Вот и появилась наконец у него первая книга (автору, напомним, 55 лет), книга, по словам Пушкина, «едва ли не самая замечательная с тех пор, как пишут у нас книги (все-таки исключая Карамзина)». После такой пушкинской оценки говорить о «Фон-Визине» было сложно. Но оценка эта прозвучала в частном письме, к тому же почти двадцать лет назад. Русская проза за минувшие годы узнала уже немало сенсаций — «Герой нашего времени», «Мертвые души», «Бедные люди», «Обыкновенная история»… Одним словом, выйди труд Вяземского в 1830 году, он стал бы эпохальным произведением и, вполне возможно, был бы включен сейчас в школьную программу. Восемнадцать же лет спустя в журналах начались вялые споры — не столько вокруг книги, сколько вокруг самого Фонвизина… «Сочинение князя Вяземского распалось на две части: в первой он говорит, что старая литература наша не была выражением общества, что он отдал бы ее за несколько исторических записок того времени, а в другой он бранит писателей позднейшего времени, зачем они забыли эту самую литературу, зачем они не читают Хераскова, Петрова, Сумарокова», — недоумевал в «Отечественных записках» А.Д. Галахов. А Шевырев в «Москвитянине», напротив, встал на защиту Вяземского и нашел грозный финал XII главы очень даже уместным: «Слово биографа, перед окончанием книги, загорается чувством справедливого негодования против тех литературных скороходов, которые бегут напоказ перед толпою за временем, кружась на одном и том же месте»…
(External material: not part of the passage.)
(* In iTML, suppose $T :: \sigma,\nu,M \Rightarrow \nu',S$ and $(\mu,R), (\mu',R') \sqsubseteq (\nu',S)$. Then $\mathsf{bwd}_T(\mu \sqcup \mu', R \sqcup R') = \mathsf{bwd}_T(\mu,R) \sqcup \mathsf{bwd}_T(\mu',R')$, where $\mathsf{bwd}_T : \mathrm{Prefix}(\nu',S) \to \mathrm{Prefix}(\sigma,\nu,M,T)$ sends $(\mu_1,R_1)$ to the unique $(\rho,\mu_0,N,U)$ with $\mu_1,R_1,T \searrow \rho,\mu_0,N,U$.
   Context: Partial syntax of iTML ($\Box$ a hole). Expressions $e ::= x \mid () \mid \mathsf{inl}\,e \mid \mathsf{inr}\,e \mid (e_1,e_2) \mid \mathsf{fst}\,e \mid \mathsf{snd}\,e \mid \mathsf{fun}\,f(x).M \mid \Box$. Computations $M ::= \mathsf{return}\,e \mid \mathsf{let}\,x = M_1\,\mathsf{in}\,M_2 \mid e_1\,e_2 \mid \mathsf{case}\,e\,\mathsf{of}\,\{\mathsf{inl}\,x \to M_1; \mathsf{inr}\,y \to M_2\} \mid \mathsf{raise}\,e \mid \mathsf{try}\,M_1\,\mathsf{with}\,x \to M_2 \mid \mathsf{ref}\,e \mid e_1 := e_2 \mid !e \mid \Box$. Values $v ::= () \mid \mathsf{inl}\,v \mid \mathsf{inr}\,v \mid (v_1,v_2) \mid \langle\rho,\mathsf{fun}\,f(x).M\rangle \mid \ell \mid \Box$. Environments $\rho$ / stores $\mu$: finitely supported maps from variables / locations to values, regarded as total with value $\Box$ off their domain; $\rho[x\mapsto v]$ extends, $\mu[\ell\mapsto v]$ updates; $\Box$ also denotes the everywhere-$\Box$ environment, $\Box[x\mapsto v]$ the environment that is $\Box$ except at $x$, and $[\ell\mapsto v]$ the store that is $\Box$ except at $\ell$. Outcomes $k ::= \mathsf{val}\mid\mathsf{exn}$; results $R ::= k\,v$. Traces $T ::= \mathsf{return}\,e \mid \mathsf{let_F}(T) \mid \mathsf{let_S}(T_1,x.T_2) \mid \mathsf{app}(e_1,e_2,f.x.T) \mid \mathsf{caseL}(e,x.T,y) \mid \mathsf{caseR}(e,x,y.T) \mid \mathsf{raise}\,e \mid \mathsf{try_S}(T) \mid \mathsf{try_F}(T_1,x.T_2) \mid \mathsf{ref}_\ell\,e \mid e_1:=_\ell e_2 \mid !_\ell\,e \mid \Box^k_{\mathcal{L}}$ ($\mathcal{L}$ a finite set of locations). $\mathsf{writes}(T)$: $\mathcal{L}$ for $\Box^k_{\mathcal{L}}$; $\emptyset$ for $\mathsf{return}\,e,\mathsf{raise}\,e,!_\ell e$; $\{\ell\}$ for $\mathsf{ref}_\ell e$, $e_1:=_\ell e_2$; union of both subtraces for $\mathsf{let_S}$, $\mathsf{try_F}$; that of the unique subtrace for $\mathsf{let_F},\mathsf{try_S},\mathsf{app},\mathsf{caseL},\mathsf{caseR}$. $\mathsf{outcome}(T)$: $k$ for $\Box^k_{\mathcal{L}}$; $\mathsf{val}$ for $\mathsf{return},\mathsf{try_S},\mathsf{ref}_\ell,:=_\ell,!_\ell$; $\mathsf{exn}$ for $\mathsf{let_F},\mathsf{raise}$; outcome of $T_2$ for $\mathsf{let_S}(T_1,x.T_2),\mathsf{try_F}(T_1,x.T_2)$; outcome of the subtrace for $\mathsf{app},\mathsf{caseL},\mathsf{caseR}$. Order $\sqsubseteq$: on expressions, computations, values the least order with $\Box\sqsubseteq t$ closed under constructors componentwise; $k\,v\sqsubseteq k\,v'$ iff $v\sqsubseteq v'$ (same $k$); pointwise on environments and stores; on traces the least order containing $\Box^k_{\mathcal{L}}\sqsubseteq T$ whenever $\mathsf{writes}(T)=\mathcal{L}$ and $\mathsf{outcome}(T)=k$, closed under trace constructors componentwise; componentwise on tuples. $\mathrm{Prefix}(t)=\{t'\mid t'\sqsubseteq t\}$, a lattice with join $\sqcup$. Store erasure: $\mu\triangleleft\mathcal{L}$ is $\mu$ with every $\ell\in\mathcal{L}$ mapped to $\Box$. Evaluation (hole-free): $\rho,x\Rightarrow\rho(x)$; $()\Rightarrow()$; $\mathsf{fun}\,f(x).M\Rightarrow\langle\rho,\mathsf{fun}\,f(x).M\rangle$; $\mathsf{inl},\mathsf{inr}$, pairs componentwise; $\mathsf{fst},\mathsf{snd}$ project. $\mathsf{return}\,e::\rho,\mu,\mathsf{return}\,e\Rightarrow\mu,\mathsf{val}\,v$ if $\rho,e\Rightarrow v$; $\mathsf{app}(e_1,e_2,f.x.T)::\rho,\mu,e_1\,e_2\Rightarrow\mu',R$ if $\rho,e_1\Rightarrow v_1=\langle\rho',\mathsf{fun}\,f(x).M\rangle$, $\rho,e_2\Rightarrow v_2$, $T::\rho'[f\mapsto v_1][x\mapsto v_2],\mu,M\Rightarrow\mu',R$; $\mathsf{raise}\,e::\rho,\mu,\mathsf{raise}\,e\Rightarrow\mu,\mathsf{exn}\,v$ if $\rho,e\Rightarrow v$; $\mathsf{ref}_\ell\,e::\rho,\mu,\mathsf{ref}\,e\Rightarrow\mu[\ell\mapsto v],\mathsf{val}\,\ell$ if $\rho,e\Rightarrow v$, $\ell\notin\mathrm{dom}\,\mu$; $e_1:=_\ell e_2::\rho,\mu,e_1:=e_2\Rightarrow\mu[\ell\mapsto v],\mathsf{val}\,()$ if $\rho,e_1\Rightarrow\ell$, $\rho,e_2\Rightarrow v$; $!_\ell e::\rho,\mu,!e\Rightarrow\mu,\mathsf{val}\,\mu(\ell)$ if $\rho,e\Rightarrow\ell\in\mathrm{dom}\,\mu$; $\mathsf{let_S}(T_1,x.T_2)::\rho,\mu,\mathsf{let}\,x=M_1\,\mathsf{in}\,M_2\Rightarrow\mu'',R$ if $T_1::\rho,\mu,M_1\Rightarrow\mu',\mathsf{val}\,v$ and $T_2::\rho[x\mapsto v],\mu',M_2\Rightarrow\mu'',R$; $\mathsf{let_F}(T)::\ldots\Rightarrow\mu',\mathsf{exn}\,v$ if $T::\rho,\mu,M_1\Rightarrow\mu',\mathsf{exn}\,v$; $\mathsf{try_F}(T_1,x.T_2)::\rho,\mu,\mathsf{try}\,M_1\,\mathsf{with}\,x\to M_2\Rightarrow\mu'',R$ if $T_1::\rho,\mu,M_1\Rightarrow\mu',\mathsf{exn}\,v$, $T_2::\rho[x\mapsto v],\mu',M_2\Rightarrow\mu'',R$; $\mathsf{try_S}(T_1)::\ldots\Rightarrow\mu',\mathsf{val}\,v$ if $T_1::\rho,\mu,M_1\Rightarrow\mu',\mathsf{val}\,v$; $\mathsf{caseL}(e,x.T,y)::\rho,\mu,\mathsf{case}\,e\,\mathsf{of}\{\mathsf{inl}\,x\to M_1;\mathsf{inr}\,y\to M_2\}\Rightarrow\mu',R$ if $\rho,e\Rightarrow\mathsf{inl}\,v$, $T::\rho[x\mapsto v],\mu,M_1\Rightarrow\mu',R$; symmetrically $\mathsf{caseR}(e,x,y.T)$. Expression backward slicing $v,e\searrow\rho,e'$ (first rule used whenever it applies): $\Box,e\searrow\Box,\Box$; for $v\neq\Box$, $v,x\searrow\Box[x\mapsto v],x$; $\langle\rho,\mathsf{fun}\,f(x).M\rangle,\mathsf{fun}\,f(x).M'\searrow\rho,\mathsf{fun}\,f(x).M$; $(),()\searrow\Box,()$; $\mathsf{inl}\,v,\mathsf{inl}\,e\searrow\rho,\mathsf{inl}\,e'$ and $\mathsf{inr}\,v,\mathsf{inr}\,e\searrow\rho,\mathsf{inr}\,e'$ if $v,e\searrow\rho,e'$; $(v_1,v_2),(e_1,e_2)\searrow\rho_1\sqcup\rho_2,(e_1',e_2')$ if $v_i,e_i\searrow\rho_i,e_i'$; $v,\mathsf{fst}\,e\searrow\rho,\mathsf{fst}\,e'$ if $(v,\Box),e\searrow\rho,e'$; $v,\mathsf{snd}\,e\searrow\rho,\mathsf{snd}\,e'$ if $(\Box,v),e\searrow\rho,e'$. Computation backward slicing $\mu,R,T\searrow\rho,\mu',M,U$ (B-Slice$\Box$ is applied whenever it applies): (B-Slice$\Box$) if $\mu\triangleleft\mathsf{writes}(T)=\mu$ then $\mu,k\,\Box,T\searrow\Box,\mu,\Box,\Box^k_{\mathsf{writes}(T)}$. (B-Ret) $v,e\searrow\rho,e'$ ⟹ $\mu,\mathsf{val}\,v,\mathsf{return}\,e\searrow\rho,\mu,\mathsf{return}\,e',\mathsf{return}\,e'$. (B-Let) $\mu,R,T_2\searrow\rho_2[x\mapsto v],\mu',M_2,U_2$, $\mu',\mathsf{val}\,v,T_1\searrow\rho_1,\mu'',M_1,U_1$ ⟹ $\mu,R,\mathsf{let_S}(T_1,x.T_2)\searrow\rho_1\sqcup\rho_2,\mu'',\mathsf{let}\,x=M_1\,\mathsf{in}\,M_2,\mathsf{let_S}(U_1,x.U_2)$. (B-LetFail) $\mu,\mathsf{exn}\,v,T_1\searrow\rho,\mu',M_1,U_1$ ⟹ $\mu,\mathsf{exn}\,v,\mathsf{let_F}(T_1)\searrow\rho,\mu',\mathsf{let}\,x=M_1\,\mathsf{in}\,\Box,\mathsf{let_F}(U_1)$. (B-CaseL) $\mu,R,T\searrow\rho[x\mapsto v],\mu',M_1,U$, $\mathsf{inl}\,v,e\searrow\rho',e'$ ⟹ $\mu,R,\mathsf{caseL}(e,x.T,y)\searrow\rho\sqcup\rho',\mu',\mathsf{case}\,e'\,\mathsf{of}\{\mathsf{inl}\,x\to M_1;\mathsf{inr}\,y\to\Box\},\mathsf{caseL}(e',x.U,y)$. (B-CaseR) $\mu,R,T\searrow\rho[y\mapsto v],\mu',M_2,U$, $\mathsf{inr}\,v,e\searrow\rho',e'$ ⟹ $\mu,R,\mathsf{caseR}(e,x,y.T)\searrow\rho\sqcup\rho',\mu',\mathsf{case}\,e'\,\mathsf{of}\{\mathsf{inl}\,x\to\Box;\mathsf{inr}\,y\to M_2\},\mathsf{caseR}(e',x,y.U)$. (B-App) $\mu,R,T\searrow\rho[f\mapsto v_1][x\mapsto v_2],\mu',M,U$, $v_2,e_2\searrow\rho_2,e_2'$, $v_1\sqcup\langle\rho,\mathsf{fun}\,f(x).M\rangle,e_1\searrow\rho_1,e_1'$ ⟹ $\mu,R,\mathsf{app}(e_1,e_2,f.x.T)\searrow\rho_1\sqcup\rho_2,\mu',e_1'\,e_2',\mathsf{app}(e_1',e_2',f.x.U)$. (B-Raise) $v,e\searrow\rho,e'$ ⟹ $\mu,\mathsf{exn}\,v,\mathsf{raise}\,e\searrow\rho,\mu,\mathsf{raise}\,e',\mathsf{raise}\,e'$. (B-TryFail) $\mu,R,T_2\searrow\rho_1[x\mapsto v],\mu',M_2,U_2$, $\mu',\mathsf{exn}\,v,T_1\searrow\rho_2,\mu'',M_1,U_1$ ⟹ $\mu,R,\mathsf{try_F}(T_1,x.T_2)\searrow\rho_1\sqcup\rho_2,\mu'',\mathsf{try}\,M_1\,\mathsf{with}\,x\to M_2,\mathsf{try_F}(U_1,x.U_2)$. (B-Try) $\mu,\mathsf{val}\,v,T_1\searrow\rho,\mu',M_1,U_1$ ⟹ $\mu,\mathsf{val}\,v,\mathsf{try_S}(T_1)\searrow\rho,\mu',\mathsf{try}\,M_1\,\mathsf{with}\,x\to\Box,\mathsf{try_S}(U_1)$. (B-Ref) $\mu(\ell),e\searrow\rho,e'$ ⟹ $\mu,\mathsf{val}\,v,\mathsf{ref}_\ell\,e\searrow\rho,\mu[\ell\mapsto\Box],\mathsf{ref}\,e',\mathsf{ref}_\ell\,e'$. (B-Assign) $\mu(\ell),e_2\searrow\rho_2,e_2'$, $\ell,e_1\searrow\rho_1,e_1'$ ⟹ $\mu,\mathsf{val}\,v,e_1:=_\ell e_2\searrow\rho_1\sqcup\rho_2,\mu[\ell\mapsto\Box],e_1':=e_2',e_1':=_\ell e_2'$. (B-Deref) $\ell,e\searrow\rho,e'$ ⟹ $\mu,\mathsf{val}\,v,!_\ell e\searrow\rho,\mu\sqcup[\ell\mapsto v],!e',!_\ell e'$. For $T::\sigma,\nu,M\Rightarrow\nu',S$, backward slicing along $T$ is a total deterministic function from $\mathrm{Prefix}(\nu',S)$ into $\mathrm{Prefix}(\sigma,\nu,M,T)$, so $\mathsf{bwd}_T$ is well defined. *)

theory Defs
  imports Main
begin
Вяземский сам удивлялся, насколько ему были неинтересны эти отзывы, как ругательные, так и хвалебные. Рецензенты искали какую-то мелкую правду, кололи автора недостаточным знанием вопроса, за что-то хвалили — все это было глупо и нелюбопытно. «Исследований по существу», которых ждал князь, в прессе так и не появилось. Самыми приятными для Вяземского оказались отзывы Плетнева и Тютчева. Плетнев читал «Фон-Визина» в апреле: «Пожираю биографию Фон-Визина… Вот книга, достойная изучения. Как умно написана, без мелочной вычурности, дельно, объемисто» (Я.К. Грот откликнулся на это письмо: «Я читаю эту книгу с большим наслаждением, как редкость в нынешнее время»), А Тютчев написал Вяземскому; «Ваша книга, князь, доставила мне истинное наслаждение, ибо действительно испытываешь наслаждение, читая европейскую книгу, написанную по-русски, книгу, к чтению которой приступаешь, не спускаясь, так сказать, с уровня Европы, тогда как почти все, что печатается у нас, как правило, стоит несколькими ступенями ниже.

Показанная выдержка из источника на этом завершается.